Assigned task:
Whenever the word "into" appears in a line of the data below, copy that line.

Records to use:
(* Let $n\ge 2$, let $\Omega$ be a compact subset of $\mathbb{R}^n$, and for $\delta>0$ let $\Omega_\delta=\{x+\delta u : x\in\Omega,\ u\in B^n\}=\bigcup_{x\in\Omega}B_\delta(x)$. Then $\mathit{Uf}(\Omega_\delta)\subset \mathit{Uf}(\Omega)$ for every $\delta>0$. Moreover, if $\Omega$ is convex, then $\mathit{Uf}(\Omega_\delta)=\mathit{Uf}(\Omega)$ for every $\delta>0$.
   Context: $B^n$ is the closed unit ball in $\mathbb{R}^n$ and $B_\delta(x)$ the closed ball with center $x$ and radius $\delta$; $S^{n-1}$ is the unit sphere. For $X\subset\mathbb{R}^n$, $v\in S^{n-1}$ and $b\in\mathbb{R}$, put $X^+_{v,b}=X\cap\{x\in\mathbb{R}^n : x\cdot v>b\}$, and let $\mathrm{R}_{v,b}$ be the reflection of $\mathbb{R}^n$ in the hyperplane $\{x : x\cdot v=b\}$. For a bounded $X\subset\mathbb{R}^n$, define $l_X(v)=\inf\{a : \mathrm{R}_{v,c}(X^+_{v,c})\subset X \text{ for every } c\ge a\}$ and the minimal unfolded region $\mathit{Uf}(X)=\bigcap_{v\in S^{n-1}}\{x\in\mathbb{R}^n : x\cdot v\le l_X(v)\}$. *)

theory Defs
  imports "HOL-Analysis.Analysis"
begin

definition upper_part :: "'a::euclidean_space set \<Rightarrow> 'a \<Rightarrow> real \<Rightarrow> 'a set" where
  "upper_part X v b = X \<inter> {x. x \<bullet> v > b}"

definition refl_hyp :: "'a::euclidean_space \<Rightarrow> real \<Rightarrow> 'a \<Rightarrow> 'a" where
  "refl_hyp v b x = x - (2 * (x \<bullet> v - b)) *\<^sub>R v"

definition l_fun :: "'a::euclidean_space set \<Rightarrow> 'a \<Rightarrow> real" where
  "l_fun X v = Inf {a. \<forall>c\<ge>a. refl_hyp v c ` upper_part X v c \<subseteq> X}"

definition Uf :: "'a::euclidean_space set \<Rightarrow> 'a set" where
  "Uf X = (\<Inter>v\<in>sphere 0 1. {x. x \<bullet> v \<le> l_fun X v})"

definition thicken :: "'a::euclidean_space set \<Rightarrow> real \<Rightarrow> 'a set" where
  "thicken \<Omega> \<delta> = {x + \<delta> *\<^sub>R u | x u. x \<in> \<Omega> \<and> u \<in> cball 0 1}"

end

theory Submission
  imports Defs
begin

text \<open>
  Reflecting a configuration of balls of radius \<delta> moves every ball onto another ball of radius
  \<delta>, and a point of \<open>\<Omega>\<close> on the near side of the hyperplane is at least as close to the reflected
  point as to the original one. Hence every hyperplane that reflects the cap of \<open>\<Omega>\<close> into \<open>\<Omega>\<close>
  also reflects the cap of \<open>\<Omega>\<^sub>\<delta>\<close> into \<open>\<Omega>\<^sub>\<delta>\<close>, so \<open>l\<^bsub>\<Omega>\<^sub>\<delta>\<^esub> \<le> l\<^bsub>\<Omega>\<^esub>\<close>.
  For convex \<open>\<Omega>\<close> the converse holds: if a reflected point \<open>z\<close> of the cap of \<open>\<Omega>\<close> left \<open>\<Omega>\<close>,
  push \<open>z\<close> a distance \<delta> further along the normal of a hyperplane separating it from \<open>\<Omega>\<close>;
  the result is outside \<open>\<Omega>\<^sub>\<delta>\<close>, yet it is the reflection of a point of the cap of \<open>\<Omega>\<^sub>\<delta>\<close>.
\<close>

definition admissible_levels :: "'a::euclidean_space set \<Rightarrow> 'a \<Rightarrow> real set" where
  "admissible_levels X v = {a. \<forall>c\<ge>a. refl_hyp v c ` upper_part X v c \<subseteq> X}"

lemma l_fun_eq_Inf_admissible_levels: "l_fun X v = Inf (admissible_levels X v)"
  by (simp add: l_fun_def admissible_levels_def)

lemma inner_refl_hyp:
  fixes v :: "'a::euclidean_space"
  assumes "norm v = 1"
  shows "refl_hyp v c x \<bullet> v = 2 * c - x \<bullet> v"
  using assms by (simp add: refl_hyp_def inner_diff_left norm_eq_1 algebra_simps)

lemma refl_hyp_refl_hyp:
  fixes v :: "'a::euclidean_space"
  assumes "norm v = 1"
  shows "refl_hyp v c (refl_hyp v c x) = x"
proof -
  have "refl_hyp v c (refl_hyp v c x) = refl_hyp v c x - (2 * (c - x \<bullet> v)) *\<^sub>R v"
    unfolding refl_hyp_def[of v c "refl_hyp v c x"] inner_refl_hyp[OF assms] by simp
  also have "\<dots> = x"
    by (simp add: refl_hyp_def algebra_simps)
  finally show ?thesis .
qed

lemma dist_refl_hyp:
  fixes v :: "'a::euclidean_space"
  assumes "norm v = 1"
  shows "dist (refl_hyp v c x) (refl_hyp v c y) = dist x y"
proof -
  have "(dist (refl_hyp v c x) (refl_hyp v c y))\<^sup>2 = (dist x y)\<^sup>2"
    using assms
    by (simp add: dist_norm refl_hyp_def power2_norm_eq_inner inner_diff_left inner_diff_right
        norm_eq_1 algebra_simps inner_commute)
  then show ?thesis
    by (simp add: power2_eq_iff_nonneg)
qed

lemma dist_refl_hyp_le:
  fixes v :: "'a::euclidean_space"
  assumes "norm v = 1" and "x \<bullet> v \<le> c" and "c \<le> y \<bullet> v"
  shows "dist x (refl_hyp v c y) \<le> dist x y"
proof -
  have "(dist x (refl_hyp v c y))\<^sup>2 = (dist x y)\<^sup>2 - 4 * (y \<bullet> v - c) * (c - x \<bullet> v)"
    using assms(1)
    by (simp add: dist_norm refl_hyp_def power2_norm_eq_inner inner_diff_left inner_diff_right
        norm_eq_1 algebra_simps inner_commute)
  also have "\<dots> \<le> (dist x y)\<^sup>2"
    using assms(2,3) by simp
  finally show ?thesis
    by (simp add: power2_le_iff_abs_le)
qed

lemma thicken_eq_UN_cball:
  fixes \<Omega> :: "'a::euclidean_space set"
  assumes "\<delta> > 0"
  shows "thicken \<Omega> \<delta> = (\<Union>x\<in>\<Omega>. cball x \<delta>)"
proof (intro set_eqI iffI)
  fix z assume "z \<in> thicken \<Omega> \<delta>"
  then obtain x u where "x \<in> \<Omega>" "norm u \<le> 1" "z = x + \<delta> *\<^sub>R u"
    by (auto simp: thicken_def)
  with assms show "z \<in> (\<Union>x\<in>\<Omega>. cball x \<delta>)"
    by (auto simp: dist_norm intro!: bexI[of _ x] mult_left_le)
next
  fix z assume "z \<in> (\<Union>x\<in>\<Omega>. cball x \<delta>)"
  then obtain x where x: "x \<in> \<Omega>" "dist x z \<le> \<delta>"
    by auto
  define u where "u = (1 / \<delta>) *\<^sub>R (z - x)"
  have "z = x + \<delta> *\<^sub>R u"
    using assms by (simp add: u_def)
  moreover have "u \<in> cball 0 1"
    using assms x(2) by (simp add: u_def dist_norm norm_minus_commute divide_le_eq_1)
  ultimately show "z \<in> thicken \<Omega> \<delta>"
    using x(1) unfolding thicken_def by blast
qed

lemma compact_thicken:
  fixes \<Omega> :: "'a::euclidean_space set"
  assumes "compact \<Omega>"
  shows "compact (thicken \<Omega> \<delta>)"
proof -
  have "thicken \<Omega> \<delta> = {x + y | x y. x \<in> \<Omega> \<and> y \<in> (\<lambda>u. \<delta> *\<^sub>R u) ` cball 0 1}"
    unfolding thicken_def by blast
  then show ?thesis
    by (simp add: compact_sums compact_scaling assms)
qed

lemma refl_hyp_cap_thicken:
  fixes \<Omega> :: "'a::euclidean_space set"
  assumes v: "norm v = 1" and "\<delta> > 0"
    and refl: "refl_hyp v c ` upper_part \<Omega> v c \<subseteq> \<Omega>"
  shows "refl_hyp v c ` upper_part (thicken \<Omega> \<delta>) v c \<subseteq> thicken \<Omega> \<delta>"
proof
  fix z assume "z \<in> refl_hyp v c ` upper_part (thicken \<Omega> \<delta>) v c"
  then obtain x y where x: "x \<in> \<Omega>" and xy: "dist x y \<le> \<delta>" and y: "y \<bullet> v > c"
    and z: "z = refl_hyp v c y"
    by (auto simp: upper_part_def thicken_eq_UN_cball[OF \<open>\<delta> > 0\<close>])
  show "z \<in> thicken \<Omega> \<delta>"
  proof (cases "x \<bullet> v > c")
    case True
    then have "refl_hyp v c x \<in> \<Omega>"
      using refl x by (auto simp: upper_part_def)
    moreover have "dist (refl_hyp v c x) z \<le> \<delta>"
      using xy by (simp add: z dist_refl_hyp[OF v])
    ultimately show ?thesis
      by (auto simp: thicken_eq_UN_cball[OF \<open>\<delta> > 0\<close>])
  next
    case False
    then have "dist x z \<le> \<delta>"
      using dist_refl_hyp_le[OF v, of x c y] xy y z by simp
    with x show ?thesis
      by (auto simp: thicken_eq_UN_cball[OF \<open>\<delta> > 0\<close>])
  qed
qed

lemma refl_hyp_cap_of_thicken:
  fixes \<Omega> :: "'a::euclidean_space set"
  assumes v: "norm v = 1" and "\<delta> > 0" and "convex \<Omega>" "closed \<Omega>"
    and refl: "refl_hyp v c ` upper_part (thicken \<Omega> \<delta>) v c \<subseteq> thicken \<Omega> \<delta>"
  shows "refl_hyp v c ` upper_part \<Omega> v c \<subseteq> \<Omega>"
proof
  fix z assume "z \<in> refl_hyp v c ` upper_part \<Omega> v c"
  then obtain x where x: "x \<in> \<Omega>" "x \<bullet> v > c" and z: "z = refl_hyp v c x"
    by (auto simp: upper_part_def)
  show "z \<in> \<Omega>"
  proof (rule ccontr)
    assume "z \<notin> \<Omega>"
    then obtain a b where ab: "a \<bullet> z < b" "\<forall>y\<in>\<Omega>. a \<bullet> y > b"
      using separating_hyperplane_closed_point[OF \<open>convex \<Omega>\<close> \<open>closed \<Omega>\<close>] by blast
    then have "a \<noteq> 0"
      using x by auto
    define w where "w = - (1 / norm a) *\<^sub>R a"
    have w: "norm w = 1"
      using \<open>a \<noteq> 0\<close> by (simp add: w_def)
    have separating: "w \<bullet> y < w \<bullet> z" if "y \<in> \<Omega>" for y
    proof -
      have "a \<bullet> z < a \<bullet> y"
        using ab that by force
      with \<open>a \<noteq> 0\<close> show ?thesis
        by (simp add: w_def divide_simps)
    qed
    have "w \<bullet> z - w \<bullet> x = - 2 * (x \<bullet> v - c) * (w \<bullet> v)"
      by (simp add: z refl_hyp_def inner_diff_right algebra_simps)
    with separating[OF x(1)] have "(x \<bullet> v - c) * (w \<bullet> v) < 0"
      by linarith
    with x(2) have "w \<bullet> v < 0"
      by (simp add: mult_less_0_iff)
    define q where "q = z + \<delta> *\<^sub>R w"
    have "q \<notin> thicken \<Omega> \<delta>"
    proof
      assume "q \<in> thicken \<Omega> \<delta>"
      then obtain y where y: "y \<in> \<Omega>" "dist y q \<le> \<delta>"
        by (auto simp: thicken_eq_UN_cball[OF \<open>\<delta> > 0\<close>])
      have "w \<bullet> (q - y) \<le> dist y q"
        using norm_cauchy_schwarz[of w "q - y"] w by (simp add: dist_norm norm_minus_commute)
      moreover have "w \<bullet> (q - y) = w \<bullet> z + \<delta> - w \<bullet> y"
        using w by (simp add: q_def inner_diff_right inner_add_right norm_eq_1)
      ultimately show False
        using separating[OF y(1)] y(2) by linarith
    qed
    moreover have "refl_hyp v c q \<in> thicken \<Omega> \<delta>"
    proof -
      have "dist x (refl_hyp v c q) = dist z q"
        using dist_refl_hyp[OF v, of c z q] by (simp add: z refl_hyp_refl_hyp[OF v])
      also have "\<dots> = \<delta>"
        using w \<open>\<delta> > 0\<close> by (simp add: q_def dist_norm)
      finally show ?thesis
        using x(1) by (auto simp: thicken_eq_UN_cball[OF \<open>\<delta> > 0\<close>])
    qed
    moreover have "refl_hyp v c q \<bullet> v > c"
    proof -
      have "\<delta> * (w \<bullet> v) < 0"
        using \<open>\<delta> > 0\<close> \<open>w \<bullet> v < 0\<close> by (rule mult_pos_neg)
      then show ?thesis
        using x(2) by (simp add: q_def z inner_add_left inner_refl_hyp[OF v])
    qed
    ultimately show False
      using refl refl_hyp_refl_hyp[OF v, of c q] by (force simp: upper_part_def)
  qed
qed

lemma admissible_levels_thicken_subset:
  assumes "norm v = 1" and "\<delta> > 0"
  shows "admissible_levels \<Omega> v \<subseteq> admissible_levels (thicken \<Omega> \<delta>) v"
proof
  fix a assume "a \<in> admissible_levels \<Omega> v"
  then show "a \<in> admissible_levels (thicken \<Omega> \<delta>) v"
    using refl_hyp_cap_thicken[OF assms] by (simp add: admissible_levels_def)
qed

lemma admissible_levels_thicken_eq:
  assumes "norm v = 1" and "\<delta> > 0" and "convex \<Omega>" "closed \<Omega>"
  shows "admissible_levels (thicken \<Omega> \<delta>) v = admissible_levels \<Omega> v"
proof (intro subset_antisym subsetI)
  fix a assume "a \<in> admissible_levels (thicken \<Omega> \<delta>) v"
  then show "a \<in> admissible_levels \<Omega> v"
    using refl_hyp_cap_of_thicken[OF assms] by (simp add: admissible_levels_def)
qed (use admissible_levels_thicken_subset[OF assms(1,2)] in blast)

lemma admissible_levels_nonempty:
  fixes X :: "'a::euclidean_space set"
  assumes "bounded X" and "norm v = 1"
  shows "admissible_levels X v \<noteq> {}"
proof -
  obtain r where r: "\<forall>x\<in>X. norm x \<le> r"
    using assms(1) bounded_iff by blast
  have "x \<bullet> v \<le> r" if "x \<in> X" for x
    using norm_cauchy_schwarz[of x v] assms(2) r that by fastforce
  then have "upper_part X v c = {}" if "c \<ge> r" for c
    using that by (force simp: upper_part_def)
  then have "r \<in> admissible_levels X v"
    by (simp add: admissible_levels_def)
  then show ?thesis
    by blast
qed

lemma bdd_below_admissible_levels:
  fixes X :: "'a::euclidean_space set"
  assumes "bounded X" and "X \<noteq> {}" and v: "norm v = 1"
  shows "bdd_below (admissible_levels X v)"
proof -
  obtain r where r: "\<forall>x\<in>X. norm x \<le> r"
    using assms(1) bounded_iff by blast
  have abs_le: "\<bar>x \<bullet> v\<bar> \<le> r" if "x \<in> X" for x
    using Cauchy_Schwarz_ineq2[of x v] v r that by fastforce
  obtain x0 where x0: "x0 \<in> X"
    using assms(2) by blast
  have "- r \<le> a" if "a \<in> admissible_levels X v" for a
  proof (rule ccontr)
    assume "\<not> - r \<le> a"
    then have "x0 \<bullet> v > a"
      using abs_le[OF x0] by linarith
    then have "refl_hyp v a x0 \<in> X"
      using that x0 by (auto simp: admissible_levels_def upper_part_def)
    then show False
      using abs_le[OF x0] abs_le[of "refl_hyp v a x0"] inner_refl_hyp[OF v] \<open>\<not> - r \<le> a\<close>
      by force
  qed
  then show ?thesis
    by (rule bdd_belowI)
qed

lemma Uf_antimono_levels:
  fixes X Y :: "'a::euclidean_space set"
  assumes "bounded X" "bounded Y" "Y \<noteq> {}"
    and levels: "\<And>v. norm v = 1 \<Longrightarrow> admissible_levels X v \<subseteq> admissible_levels Y v"
  shows "Uf Y \<subseteq> Uf X"
proof -
  have "l_fun Y v \<le> l_fun X v" if "norm v = 1" for v
    unfolding l_fun_eq_Inf_admissible_levels
  proof (rule cInf_superset_mono)
    show "admissible_levels X v \<noteq> {}"
      using assms(1) that by (rule admissible_levels_nonempty)
    show "bdd_below (admissible_levels Y v)"
      using assms(2,3) that by (rule bdd_below_admissible_levels)
    show "admissible_levels X v \<subseteq> admissible_levels Y v"
      using that by (rule levels)
  qed
  then show ?thesis
    by (force simp: Uf_def)
qed

theorem theorem3p1:
  fixes \<Omega> :: "'a::euclidean_space set"
  assumes "DIM('a) \<ge> 2" and "compact \<Omega>"
  shows "(\<forall>\<delta>>0. Uf (thicken \<Omega> \<delta>) \<subseteq> Uf \<Omega>)
         \<and> (convex \<Omega> \<longrightarrow> (\<forall>\<delta>>0. Uf (thicken \<Omega> \<delta>) = Uf \<Omega>))"
proof (intro conjI allI impI)
  fix \<delta> :: real assume "\<delta> > 0"
  have bounded: "bounded \<Omega>" "bounded (thicken \<Omega> \<delta>)"
    using assms(2) compact_thicken compact_imp_bounded by blast+
  show "Uf (thicken \<Omega> \<delta>) \<subseteq> Uf \<Omega>"
  proof (cases "\<Omega> = {}")
    case True
    then show ?thesis
      by (simp add: thicken_def)
  next
    case False
    then have "thicken \<Omega> \<delta> \<noteq> {}"
      using \<open>\<delta> > 0\<close> by (auto simp: thicken_eq_UN_cball)
    with bounded show ?thesis
      by (intro Uf_antimono_levels admissible_levels_thicken_subset \<open>\<delta> > 0\<close>)
  qed
next
  fix \<delta> :: real assume "convex \<Omega>" "\<delta> > 0"
  have "l_fun (thicken \<Omega> \<delta>) v = l_fun \<Omega> v" if "norm v = 1" for v
    using admissible_levels_thicken_eq[OF that \<open>\<delta> > 0\<close> \<open>convex \<Omega>\<close> compact_imp_closed[OF assms(2)]]
    by (simp add: l_fun_eq_Inf_admissible_levels)
  then show "Uf (thicken \<Omega> \<delta>) = Uf \<Omega>"
    by (simp add: Uf_def)
qed

end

Output for this task:
  point as to the original one. Hence every hyperplane that reflects the cap of \<open>\<Omega>\<close> into \<open>\<Omega>\<close>
  also reflects the cap of \<open>\<Omega>\<^sub>\<delta>\<close> into \<open>\<Omega>\<^sub>\<delta>\<close>, so \<open>l\<^bsub>\<Omega>\<^sub>\<delta>\<^esub> \<le> l\<^bsub>\<Omega>\<^esub>\<close>.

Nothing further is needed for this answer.